Oh man. I just started doing my on-line dive training and hate to see these posts. I’m curios of the specifics, depth etc.... god bless


----------



## murfpcola (Aug 28, 2012)

It was this morning. I was offshore and heard some of the radio conversation. Seems like it was before 9 am when were hearing the coast guard talking to someone involved.


----------



## CurDog (Nov 14, 2010)

Thinking they flew 2d guy to springhill because they have a topnotch full-time hyperbaric chamber.


----------



## BananaTom (Feb 16, 2008)

CurDog said:


> Thinking they flew 2d guy to springhill because they have a topnotch full-time hyperbaric chamber.

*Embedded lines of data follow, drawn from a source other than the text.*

(* Let $\alpha\in\ell^2$ and $\epsilon>0$, and suppose that the $(\epsilon,L)$-sequence associated with $\alpha$ and $\epsilon$ has finite length $N$. Then $a_{2N+2}(R_\alpha)\le\epsilon/\sqrt2$.
   Context: $\mathbb{N}=\{0,1,2,\dots\}$; $\ell^2$ is the space of square-summable functions $\mathbb{N}\to\mathbb{C}$; $(R_\alpha f)(k)=\alpha_k\sum_{j=0}^kf(j)$. Approximation numbers: $a_{n+1}(T)=\inf\{\|T-P\|:P$ linear on $\ell^2$ with rank $\le n\}$, $\|\cdot\|$ the operator norm. For a finite natural interval $I$: $\mu(I)=\sum_{k\in I}|\alpha_k|^2$, $\|f\|_{2,I}=(\sum_{k\in I}|f(k)|^2)^{1/2}$, $l(I,f)=\sum_{k\in I}\sum_{n\in I\setminus\{k\}}|\alpha_k\alpha_n\sum_{j=\min(k,n)+1}^{\max(k,n)}f(j)|^2$, $L(I)=(\sup_{\|f\|_{2,I}\le1}l(I,f)/\mu(I))^{1/2}$ (sup over $f$ supported in $I$; $L(I)=0$ if $\alpha$ vanishes on $I$). $(\epsilon,L)$-sequence: $c_0=0$ and $c_{k+1}=\inf\{t\in\mathbb{N}:t>c_k,\ L([c_k,t-1])>\epsilon\}$ (with $\inf\emptyset=+\infty$). It has finite length $N$ if $c_N<\infty$ and $c_{N+1}=+\infty$. *)

theory Defs
  imports "HOL-Analysis.Analysis" "HOL-Library.Extended_Nat"
begin

definition l2 :: "(nat \<Rightarrow> complex) set" where
  "l2 = {f. summable (\<lambda>k. (cmod (f k))\<^sup>2)}"

definition l2norm :: "(nat \<Rightarrow> complex) \<Rightarrow> real" where
  "l2norm f = sqrt (\<Sum>k. (cmod (f k))\<^sup>2)"

definition R_op :: "(nat \<Rightarrow> complex) \<Rightarrow> (nat \<Rightarrow> complex) \<Rightarrow> (nat \<Rightarrow> complex)" where
  "R_op \<alpha> f = (\<lambda>k. \<alpha> k * (\<Sum>j\<le>k. f j))"

definition op_norm :: "((nat \<Rightarrow> complex) \<Rightarrow> (nat \<Rightarrow> complex)) \<Rightarrow> ereal" where
  "op_norm T = (SUP f\<in>{f\<in>l2. l2norm f \<le> 1}.
      (if T f \<in> l2 then ereal (l2norm (T f)) else \<infinity>))"

definition l2_linear :: "((nat \<Rightarrow> complex) \<Rightarrow> (nat \<Rightarrow> complex)) \<Rightarrow> bool" where
  "l2_linear P \<longleftrightarrow> (\<forall>f\<in>l2. P f \<in> l2) \<and>
     (\<forall>f\<in>l2. \<forall>g\<in>l2. P (\<lambda>k. f k + g k) = (\<lambda>k. P f k + P g k)) \<and>
     (\<forall>c. \<forall>f\<in>l2. P (\<lambda>k. c * f k) = (\<lambda>k. c * P f k))"

definition rank_le :: "((nat \<Rightarrow> complex) \<Rightarrow> (nat \<Rightarrow> complex)) \<Rightarrow> nat \<Rightarrow> bool" where
  "rank_le P n \<longleftrightarrow> (\<exists>b :: nat \<Rightarrow> (nat \<Rightarrow> complex).
      \<forall>f\<in>l2. \<exists>c :: nat \<Rightarrow> complex. P f = (\<lambda>k. \<Sum>i<n. c i * b i k))"

text \<open>Approximation numbers: approx_num m T = a_m(T) for m >= 1, i.e.
  a_(n+1)(T) = inf { norm(T - P) : P linear on l2, rank P <= n }.\<close>

definition approx_num :: "nat \<Rightarrow> ((nat \<Rightarrow> complex) \<Rightarrow> (nat \<Rightarrow> complex)) \<Rightarrow> ereal" where
  "approx_num m T = (INF P\<in>{P. l2_linear P \<and> rank_le P (m - 1)}. op_norm (\<lambda>f k. T f k - P f k))"

definition mu :: "(nat \<Rightarrow> complex) \<Rightarrow> nat set \<Rightarrow> real" where
  "mu \<alpha> I = (\<Sum>k\<in>I. (cmod (\<alpha> k))\<^sup>2)"

definition norm2_on :: "nat set \<Rightarrow> (nat \<Rightarrow> complex) \<Rightarrow> real" where
  "norm2_on I f = sqrt (\<Sum>k\<in>I. (cmod (f k))\<^sup>2)"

Last I knew it’s the closest, as there is not one in Pensacola


----------



## Mac1528 (Mar 24, 2012)

Prayers to those in need being lifted.

Sent from my moto e5 supra using Tapatalk


----------



## sealark (Sep 27, 2007)

chaps said:


> Oh man. I just started doing my on-line dive training and hate to see these posts. I’m curios of the specifics, depth etc.... god bless


Get the training and follow and understand what you are being taught. Start diving with someone the same level as you are. Take your time and learn the enviroment and different conditions. Consider Diving nitrox on air tables. Always have a driver in boat at all times.


----------



## sealark (Sep 27, 2007)

BananaTom said:


> Last I knew it’s the closest, as there is not one in Pensacola


Believe it or not there are two chambers in pensacola. Baptist and NAMI. The problem is having a qualified team to treat diving accidents. No one wants the responsibility and liaability for treating divers, not enough money in it. The 2 chambers locally are used to treat diabetes.


----------



## FL Aggie (Sep 22, 2013)

We heard it on the VHF Sat morning. They did CPR for a pretty good length of time. Sat was a busy day on the radio. 

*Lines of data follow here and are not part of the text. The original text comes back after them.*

lemma card_zigzags_up_to_reversal_bipyramid:
  "card (zigzags_up_to_reversal (bipyramid n)) = gcd 4 n"
proof -
  have "inj_on (\<lambda>d. {cyc (zigzag_list d), cyc (rev (zigzag_list d))}) {0..<int (gcd 4 n)}"
  proof (rule inj_onI)
    fix d d' assume "d \<in> {0..<int (gcd 4 n)}" "d' \<in> {0..<int (gcd 4 n)}"
      and "{cyc (zigzag_list d), cyc (rev (zigzag_list d))} = {cyc (zigzag_list d'), cyc (rev (zigzag_list d'))}"
    then have "cyc (zigzag_list d) = cyc (zigzag_list d')"
      using cyc_zigzag_list_neq_rev by (auto simp: doubleton_eq_iff)
    then have "d mod int (gcd 4 n) = d' mod int (gcd 4 n)" by (rule cyc_zigzag_list_eqD)
    then show "d = d'" using \<open>d \<in> _\<close> \<open>d' \<in> _\<close> by simp
  qed
  then show ?thesis unfolding zigzags_up_to_reversal_bipyramid by (simp add: card_image)
qed

lemma z_knotted_bipyramid:
  assumes "gcd 4 n = 1"
  shows "z_knotted (bipyramid n)"
proof -
  have "{0..<1::int} = {0}" by auto
  then have "zigzags (bipyramid n) = {cyc (zigzag_list 0), zz_rev (cyc (zigzag_list 0))}"
    unfolding zigzags_bipyramid assms by (simp add: zz_rev_cyc insert_commute)
  moreover have "cyc (zigzag_list 0) \<noteq> zz_rev (cyc (zigzag_list 0))"
    using cyc_zigzag_list_neq_rev by (simp add: zz_rev_cyc)
  ultimately show ?thesis unfolding z_knotted_def by blast
qed

end

lemma gcd_4_odd: "odd (n::nat) \<Longrightarrow> gcd 4 n = 1"
proof -
  assume "odd n"
  then have "coprime 2 n" by (simp add: coprime_commute)
  then have "coprime (2 ^ 2) n" by (simp only: coprime_power_left_iff) simp
  then show ?thesis by (simp add: coprime_iff_gcd_eq_1)
qed

lemma gcd_4_double_odd: "odd (k::nat) \<Longrightarrow> gcd 4 (2 * k) = 2"
proof -
  assume "odd k"
  have "gcd 4 (2 * k) = 2 * gcd 2 k" by (metis gcd_mult_distrib_nat mult_2 numeral_Bit0)
  moreover have "gcd 2 k = 1" using \<open>odd k\<close> by (simp add: coprime_commute coprime_iff_gcd_eq_1[symmetric])
  ultimately show ?thesis by simp
qed

lemma gcd_4_double_even: "even (k::nat) \<Longrightarrow> gcd 4 (2 * k) = 4"
  by (auto elim!: evenE)

theorem mainTheorem9:
  fixes n :: nat
  assumes "n \<ge> 3"
  shows "(odd n \<longrightarrow> z_knotted (bipyramid n))
       \<and> (\<forall>k. n = 2 * k \<and> odd k \<longrightarrow> card (zigzags_up_to_reversal (bipyramid n)) = 2)
       \<and> (\<forall>k. n = 2 * k \<and> even k \<longrightarrow> card (zigzags_up_to_reversal (bipyramid n)) = 4)"
proof -
  interpret ngon_bipyramid n using assms by unfold_locales
  show ?thesis
  proof (intro conjI allI impI)
    assume "odd n"
    then show "z_knotted (bipyramid n)" by (intro z_knotted_bipyramid gcd_4_odd)
  next
    fix k assume "n = 2 * k \<and> odd k"
    then show "card (zigzags_up_to_reversal (bipyramid n)) = 2"
      using card_zigzags_up_to_reversal_bipyramid gcd_4_double_odd by auto
  next
    fix k assume "n = 2 * k \<and> even k"
    then show "card (zigzags_up_to_reversal (bipyramid n)) = 4"
      using card_zigzags_up_to_reversal_bipyramid gcd_4_double_even by auto
  qed
qed
(* Let $k,l$ be positive integers and let $f(s,u)=\sum_{m=k}^\infty\sum_{n=l}^\infty a_{m,n}m^{-s}n^{-u}$ be a double Dirichlet series that is absolutely convergent on $\mathbb H_{\rho_1}\times\mathbb H_{\rho_2}$ for some $\rho_1,\rho_2\in\mathbb R$. If $r>\max\{\rho_1,\rho_2\}$, then there exist positive constants $C_r,D_r$ such that for all $s,u\in\mathbb H_r$: $$|k^sl^uf(s,u)-a_{k,l}|\le C_r\Big(\frac{l^{\Re u}}{(l+1)^{\Re u-r}}+\frac{k^{\Re s}}{(k+1)^{\Re s-r}}+\frac{k^{\Re s}l^{\Re u}}{(k+1)^{\Re s-r}(l+1)^{\Re u-r}}\Big),$$ $$\Big|l^uf(s,u)-\sum_{m=k}^\infty a_{m,l}m^{-s}\Big|\le D_r\Big(\frac{l^{\Re u}}{(l+1)^{\Re u-r}}+\frac{k^{\Re s}l^{\Re u}}{(k+1)^{\Re s-r}(l+1)^{\Re u-r}}\Big).$$
   Context: $\mathbb H_\rho=\{s\in\mathbb C:\Re s>\rho\}$. *)

theory Defs
  imports "HOL-Analysis.Analysis"
begin

definition ddterm :: "(nat \<Rightarrow> nat \<Rightarrow> complex) \<Rightarrow> complex \<Rightarrow> complex \<Rightarrow> nat \<times> nat \<Rightarrow> complex" where
  "ddterm a s u = (\<lambda>(m,n). a m n * of_nat m powr (-s) * of_nat n powr (-u))"

definition ddseries :: "(nat \<Rightarrow> nat \<Rightarrow> complex) \<Rightarrow> nat \<Rightarrow> nat \<Rightarrow> complex \<Rightarrow> complex \<Rightarrow> complex" where
  "ddseries a k l s u = infsum (ddterm a s u) ({k..} \<times> {l..})"

end

theory Submission
  imports Defs
begin

text \<open>
  Multiply out the normalising powers: every term of k^s l^u f(s,u) with (m,n) \<noteq> (k,l) is
  a_{m,n} (k/m)^s (l/n)^u with m > k or n > l.  For m > k and Re s > r we have
  k^{Re s} m^{-Re s} \<le> k^{Re s} (k+1)^{r - Re s} m^{-r}, and for m = k the ratio is 1 = k^r m^{-r}.
  Hence each such term is bounded by a factor from the right-hand side, times a constant
  depending only on k, l, r, times |a_{m,n}| m^{-r} n^{-r}; the latter terms are summable
  because the series converges absolutely at s = u = r.  The second estimate is the same
  argument applied to the terms with n > l.
\<close>

lemma norm_infsum_le_majorant:
  fixes g :: "'a \<Rightarrow> 'b::banach"
  assumes "g summable_on T" "w summable_on S" "T \<subseteq> S" "\<And>p. p \<in> S \<Longrightarrow> 0 \<le> w p"
    and "\<And>p. p \<in> T \<Longrightarrow> norm (g p) \<le> c * w p" "0 \<le> c"
  shows "norm (infsum g T) \<le> c * infsum w S"
proof -
  have wT: "w summable_on T"
    using assms(2,3) by (rule summable_on_subset_banach)
  have "norm (infsum g T) \<le> infsum (\<lambda>p. c * w p) T"
    using assms(1,5) wT
    by (intro norm_infsum_le[OF has_sum_infsum has_sum_infsum] summable_on_cmult_right) auto
  also have "\<dots> = c * infsum w T"
    using wT by (rule infsum_cmult_right)
  also have "\<dots> \<le> c * infsum w S"
    using assms by (intro mult_left_mono infsum_mono_neutral wT) auto
  finally show ?thesis .
qed

definition tail_factor :: "nat \<Rightarrow> real \<Rightarrow> real \<Rightarrow> real" where
  "tail_factor k \<sigma> r = real k powr \<sigma> / real (k + 1) powr (\<sigma> - r)"

lemma tail_factor_nonneg: "0 \<le> tail_factor k \<sigma> r"
  by (simp add: tail_factor_def)

lemma powr_ratio_le_tail_factor:
  assumes "k < m" "r < \<sigma>"
  shows "real k powr \<sigma> * real m powr - \<sigma> \<le> tail_factor k \<sigma> r * real m powr - r"
proof -
  have "real k powr \<sigma> * real m powr - \<sigma> = real k powr \<sigma> * real m powr (r - \<sigma>) * real m powr - r"
    by (simp add: mult.assoc flip: powr_add)
  also have "\<dots> \<le> real k powr \<sigma> * real (k + 1) powr (r - \<sigma>) * real m powr - r"
    using assms by (intro mult_right_mono mult_left_mono powr_mono2') auto
  also have "\<dots> = tail_factor k \<sigma> r * real m powr - r"
    by (simp add: tail_factor_def powr_diff)
  finally show ?thesis .
qed

lemma powr_ratio_le_leading_or_tail:
  assumes "0 < k" "k \<le> m" "r < \<sigma>"
  shows "real k powr \<sigma> * real m powr - \<sigma>
    \<le> (if m = k then real k powr r else tail_factor k \<sigma> r) * real m powr - r"
  using assms powr_ratio_le_tail_factor[of k m r \<sigma>] by (auto simp flip: powr_add)

lemma powr_neg_le_leading_or_tail:
  assumes "0 < k" "k \<le> m" "r < \<sigma>"
  shows "real m powr - \<sigma>
    \<le> (if m = k then 1 else real k powr - r * tail_factor k \<sigma> r) * real m powr - r"
proof (cases "m = k")
  case True
  then show ?thesis using assms by (simp add: powr_mono)
next
  case False
  have "real m powr - \<sigma> = real k powr - \<sigma> * (real k powr \<sigma> * real m powr - \<sigma>)"
    using assms by (simp add: mult.assoc[symmetric] flip: powr_add)
  also have "\<dots> \<le> real k powr - r * (tail_factor k \<sigma> r * real m powr - r)"
  proof (rule mult_mono)
    show "real k powr - \<sigma> \<le> real k powr - r" using assms by (intro powr_mono) auto
  qed (use assms False powr_ratio_le_tail_factor[of k m r \<sigma>] in auto)
  finally show ?thesis using False by (simp add: mult.assoc)
qed
lemma char2_zero: "prob_space M \<Longrightarrow> char2 M 0 0 = 1"
  by (simp add: char2_def prob_space.prob_space)

lemma char2_uminus: "char2 M (- t1) (- t2) = cnj (char2 M t1 t2)"
proof -
  have "char2 M (- t1) (- t2) = (CLINT x|M. cnj (cis (t1 * fst x + t2 * snd x)))"
    unfolding char2_def cis_cnj by (simp add: algebra_simps)
  then show ?thesis by (simp only: Bochner_Integration.integral_cnj char2_def)
qed

lemma Gamma_nonzero_Re_pos: "0 < Re z \<Longrightarrow> Gamma z \<noteq> 0"
  by (rule Gamma_nonzero) (auto elim!: nonpos_Ints_cases)

lemma cnj_f_fun:
  assumes "0 < a" "norm z1 \<le> 1" "norm z2 \<le> 1" "0 < \<sigma>1" "1 < \<sigma>2" "2 < \<sigma>1 + \<sigma>2"
  shows "cnj (f_fun \<sigma>1 \<sigma>2 a z1 z2 t1 t2) = f_fun \<sigma>1 \<sigma>2 a (cnj z1) (cnj z2) (- t1) (- t2)"
  using cnj_Phi2[of a z1 z2 "Complex \<sigma>1 t1" "Complex \<sigma>2 t2"] assms
  by (simp add: f_fun_def cnj_Gamma complex_cnj)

Sent from my iPhone using Tapatalk


----------



## Dagwood (Oct 1, 2007)

Northescambia.com reporting 48 year old had cardiac arrest.


----------



## TheBeeDeeGee (Oct 3, 2017)

sealark said:


> Believe it or not there are two chambers in pensacola. Baptist and NAMI. The problem is having a qualified team to treat diving accidents. No one wants the responsibility and liaability for treating divers, not enough money in it. The 2 chambers locally are used to treat diabetes.



From what I understand the NAMI chamber is not for civilians. I'm a federal employee and we have an agreement with the Navy so we can use it. I have to call and let them know we are using them for coverage. Mobile is the nearest one (for a ways) that will treat divers.


----------